## Work instruction
Reduce the material below to its lines containing "from".

··········

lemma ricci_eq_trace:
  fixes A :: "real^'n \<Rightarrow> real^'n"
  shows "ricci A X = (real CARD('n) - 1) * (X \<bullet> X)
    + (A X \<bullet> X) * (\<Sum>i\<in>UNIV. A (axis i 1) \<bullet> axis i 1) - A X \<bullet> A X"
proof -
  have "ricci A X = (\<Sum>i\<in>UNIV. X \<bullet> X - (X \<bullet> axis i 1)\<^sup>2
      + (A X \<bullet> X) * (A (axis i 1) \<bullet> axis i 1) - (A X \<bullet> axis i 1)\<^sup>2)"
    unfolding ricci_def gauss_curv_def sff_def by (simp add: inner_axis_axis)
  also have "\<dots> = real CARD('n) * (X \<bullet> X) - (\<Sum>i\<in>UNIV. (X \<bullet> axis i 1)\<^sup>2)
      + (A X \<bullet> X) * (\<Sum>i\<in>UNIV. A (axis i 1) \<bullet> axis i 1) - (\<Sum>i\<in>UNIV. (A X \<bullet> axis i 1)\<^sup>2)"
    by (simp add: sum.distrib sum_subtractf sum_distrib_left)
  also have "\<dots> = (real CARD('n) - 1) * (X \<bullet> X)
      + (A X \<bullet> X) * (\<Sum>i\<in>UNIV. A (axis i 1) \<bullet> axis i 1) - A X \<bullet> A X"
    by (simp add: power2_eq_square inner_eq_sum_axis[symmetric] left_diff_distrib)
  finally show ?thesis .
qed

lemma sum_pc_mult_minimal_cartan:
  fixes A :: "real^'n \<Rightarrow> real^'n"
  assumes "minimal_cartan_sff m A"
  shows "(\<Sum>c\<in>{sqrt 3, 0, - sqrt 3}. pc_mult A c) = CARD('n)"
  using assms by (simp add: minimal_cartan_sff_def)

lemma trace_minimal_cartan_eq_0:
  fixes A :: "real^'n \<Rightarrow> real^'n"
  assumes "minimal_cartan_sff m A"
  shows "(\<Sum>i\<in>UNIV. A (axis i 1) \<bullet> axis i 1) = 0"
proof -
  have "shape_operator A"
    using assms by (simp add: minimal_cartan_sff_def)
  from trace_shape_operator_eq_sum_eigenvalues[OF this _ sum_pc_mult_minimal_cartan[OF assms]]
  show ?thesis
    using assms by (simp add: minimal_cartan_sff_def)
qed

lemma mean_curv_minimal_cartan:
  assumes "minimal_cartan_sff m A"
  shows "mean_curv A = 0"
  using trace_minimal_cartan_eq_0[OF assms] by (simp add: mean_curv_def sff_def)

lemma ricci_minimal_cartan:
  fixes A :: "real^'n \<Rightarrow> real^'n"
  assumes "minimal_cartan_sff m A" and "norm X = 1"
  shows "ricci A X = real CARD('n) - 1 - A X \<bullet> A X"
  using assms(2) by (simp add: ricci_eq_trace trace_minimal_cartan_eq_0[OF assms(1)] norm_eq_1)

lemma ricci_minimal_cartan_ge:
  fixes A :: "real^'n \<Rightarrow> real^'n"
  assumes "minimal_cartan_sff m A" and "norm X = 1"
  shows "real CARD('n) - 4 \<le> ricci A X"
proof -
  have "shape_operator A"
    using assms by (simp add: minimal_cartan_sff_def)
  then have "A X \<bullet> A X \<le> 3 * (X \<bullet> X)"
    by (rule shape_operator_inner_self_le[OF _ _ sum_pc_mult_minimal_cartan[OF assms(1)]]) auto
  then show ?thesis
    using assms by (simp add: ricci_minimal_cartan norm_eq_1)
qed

··········

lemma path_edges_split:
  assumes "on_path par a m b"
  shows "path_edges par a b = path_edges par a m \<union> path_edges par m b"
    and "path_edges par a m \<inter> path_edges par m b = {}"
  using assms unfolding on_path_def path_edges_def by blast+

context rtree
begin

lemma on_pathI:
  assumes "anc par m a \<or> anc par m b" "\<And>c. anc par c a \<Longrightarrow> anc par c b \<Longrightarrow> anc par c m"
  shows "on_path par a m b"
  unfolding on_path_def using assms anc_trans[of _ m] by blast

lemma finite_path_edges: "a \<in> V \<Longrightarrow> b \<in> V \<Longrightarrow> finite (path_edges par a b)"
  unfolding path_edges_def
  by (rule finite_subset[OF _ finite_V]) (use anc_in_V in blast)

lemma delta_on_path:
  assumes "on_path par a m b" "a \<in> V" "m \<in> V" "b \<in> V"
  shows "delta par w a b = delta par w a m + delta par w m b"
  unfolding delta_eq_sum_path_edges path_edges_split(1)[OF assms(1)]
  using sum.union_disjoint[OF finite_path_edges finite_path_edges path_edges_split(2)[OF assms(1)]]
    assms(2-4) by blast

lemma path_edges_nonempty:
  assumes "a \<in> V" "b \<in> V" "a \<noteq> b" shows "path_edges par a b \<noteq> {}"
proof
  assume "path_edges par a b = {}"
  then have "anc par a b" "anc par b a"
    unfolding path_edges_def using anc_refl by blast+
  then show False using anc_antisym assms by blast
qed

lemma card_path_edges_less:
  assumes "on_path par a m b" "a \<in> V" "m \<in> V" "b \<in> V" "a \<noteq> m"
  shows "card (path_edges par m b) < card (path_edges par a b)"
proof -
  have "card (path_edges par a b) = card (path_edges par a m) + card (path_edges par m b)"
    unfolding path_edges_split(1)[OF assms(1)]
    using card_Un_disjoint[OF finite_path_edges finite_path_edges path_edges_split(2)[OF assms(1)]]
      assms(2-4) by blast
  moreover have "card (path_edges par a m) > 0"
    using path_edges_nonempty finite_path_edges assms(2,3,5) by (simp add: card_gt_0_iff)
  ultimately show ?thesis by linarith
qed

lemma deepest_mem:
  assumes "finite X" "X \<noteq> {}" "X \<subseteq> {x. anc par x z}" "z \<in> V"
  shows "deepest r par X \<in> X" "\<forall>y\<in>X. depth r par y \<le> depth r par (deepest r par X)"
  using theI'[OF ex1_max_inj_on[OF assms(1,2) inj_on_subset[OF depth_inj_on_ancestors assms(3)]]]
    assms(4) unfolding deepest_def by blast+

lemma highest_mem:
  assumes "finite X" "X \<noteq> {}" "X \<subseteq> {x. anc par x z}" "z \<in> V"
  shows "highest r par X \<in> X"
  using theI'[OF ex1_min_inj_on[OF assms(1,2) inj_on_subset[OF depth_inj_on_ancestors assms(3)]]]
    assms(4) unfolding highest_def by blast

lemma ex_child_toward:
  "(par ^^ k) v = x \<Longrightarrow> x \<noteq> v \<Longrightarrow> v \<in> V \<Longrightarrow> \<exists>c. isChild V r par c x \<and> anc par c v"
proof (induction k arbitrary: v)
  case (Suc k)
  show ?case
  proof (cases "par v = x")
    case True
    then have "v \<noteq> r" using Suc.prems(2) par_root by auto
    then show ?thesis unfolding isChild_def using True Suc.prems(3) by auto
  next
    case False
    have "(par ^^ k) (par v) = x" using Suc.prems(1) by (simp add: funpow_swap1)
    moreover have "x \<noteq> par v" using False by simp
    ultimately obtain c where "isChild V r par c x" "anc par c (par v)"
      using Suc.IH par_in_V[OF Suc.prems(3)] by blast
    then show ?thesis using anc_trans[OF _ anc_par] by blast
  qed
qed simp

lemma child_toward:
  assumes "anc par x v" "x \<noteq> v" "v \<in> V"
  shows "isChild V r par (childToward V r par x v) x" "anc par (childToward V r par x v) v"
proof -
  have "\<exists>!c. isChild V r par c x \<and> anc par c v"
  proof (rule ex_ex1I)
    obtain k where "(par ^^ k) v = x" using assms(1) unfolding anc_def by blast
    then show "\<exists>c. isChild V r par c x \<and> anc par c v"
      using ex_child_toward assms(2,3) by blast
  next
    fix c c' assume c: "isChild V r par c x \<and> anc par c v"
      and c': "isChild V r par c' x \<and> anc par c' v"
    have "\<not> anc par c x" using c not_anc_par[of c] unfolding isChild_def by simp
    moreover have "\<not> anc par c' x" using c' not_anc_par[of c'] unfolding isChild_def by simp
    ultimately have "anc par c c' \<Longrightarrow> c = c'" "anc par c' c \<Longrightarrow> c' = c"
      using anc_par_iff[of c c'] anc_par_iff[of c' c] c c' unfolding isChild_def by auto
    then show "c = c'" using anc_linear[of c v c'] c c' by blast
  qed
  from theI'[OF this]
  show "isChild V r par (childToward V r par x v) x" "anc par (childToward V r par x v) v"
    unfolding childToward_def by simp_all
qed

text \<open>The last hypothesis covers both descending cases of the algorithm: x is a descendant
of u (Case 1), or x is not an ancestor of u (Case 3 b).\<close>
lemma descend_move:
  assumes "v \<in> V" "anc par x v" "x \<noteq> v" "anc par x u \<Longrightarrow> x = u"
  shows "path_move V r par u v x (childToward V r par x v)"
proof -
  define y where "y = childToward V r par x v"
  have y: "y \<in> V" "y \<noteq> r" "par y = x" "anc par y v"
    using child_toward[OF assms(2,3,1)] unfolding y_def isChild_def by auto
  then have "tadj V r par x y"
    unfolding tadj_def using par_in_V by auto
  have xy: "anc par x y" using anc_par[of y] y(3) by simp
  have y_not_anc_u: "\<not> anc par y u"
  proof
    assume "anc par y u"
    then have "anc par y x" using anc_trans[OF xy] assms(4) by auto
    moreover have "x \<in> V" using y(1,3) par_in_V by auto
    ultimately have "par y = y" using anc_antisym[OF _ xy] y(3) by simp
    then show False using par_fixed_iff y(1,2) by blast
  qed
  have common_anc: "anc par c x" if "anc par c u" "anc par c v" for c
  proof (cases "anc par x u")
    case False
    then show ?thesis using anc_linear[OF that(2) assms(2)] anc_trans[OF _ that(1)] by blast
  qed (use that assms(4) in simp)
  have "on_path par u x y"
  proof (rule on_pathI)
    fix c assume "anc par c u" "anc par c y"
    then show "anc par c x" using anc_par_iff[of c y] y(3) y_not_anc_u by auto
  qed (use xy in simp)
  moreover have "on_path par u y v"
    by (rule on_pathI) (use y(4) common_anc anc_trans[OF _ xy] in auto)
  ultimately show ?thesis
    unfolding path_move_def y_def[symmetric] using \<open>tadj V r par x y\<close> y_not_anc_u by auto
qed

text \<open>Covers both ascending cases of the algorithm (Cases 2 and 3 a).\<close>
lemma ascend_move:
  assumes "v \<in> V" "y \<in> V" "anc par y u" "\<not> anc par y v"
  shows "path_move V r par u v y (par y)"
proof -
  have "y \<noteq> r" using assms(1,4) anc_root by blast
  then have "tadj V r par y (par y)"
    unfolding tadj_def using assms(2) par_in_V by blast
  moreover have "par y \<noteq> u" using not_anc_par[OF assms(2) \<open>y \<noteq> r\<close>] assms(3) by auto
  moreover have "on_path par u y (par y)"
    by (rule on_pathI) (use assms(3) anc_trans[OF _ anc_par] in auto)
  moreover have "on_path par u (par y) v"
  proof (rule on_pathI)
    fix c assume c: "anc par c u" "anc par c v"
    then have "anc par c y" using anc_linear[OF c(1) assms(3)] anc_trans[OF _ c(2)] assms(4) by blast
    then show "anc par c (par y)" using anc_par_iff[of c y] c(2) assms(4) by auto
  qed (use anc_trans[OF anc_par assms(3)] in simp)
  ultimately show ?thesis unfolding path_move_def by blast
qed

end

··········

## Output for this task
  from trace_shape_operator_eq_sum_eigenvalues[OF this _ sum_pc_mult_minimal_cartan[OF assms]]
  from theI'[OF this]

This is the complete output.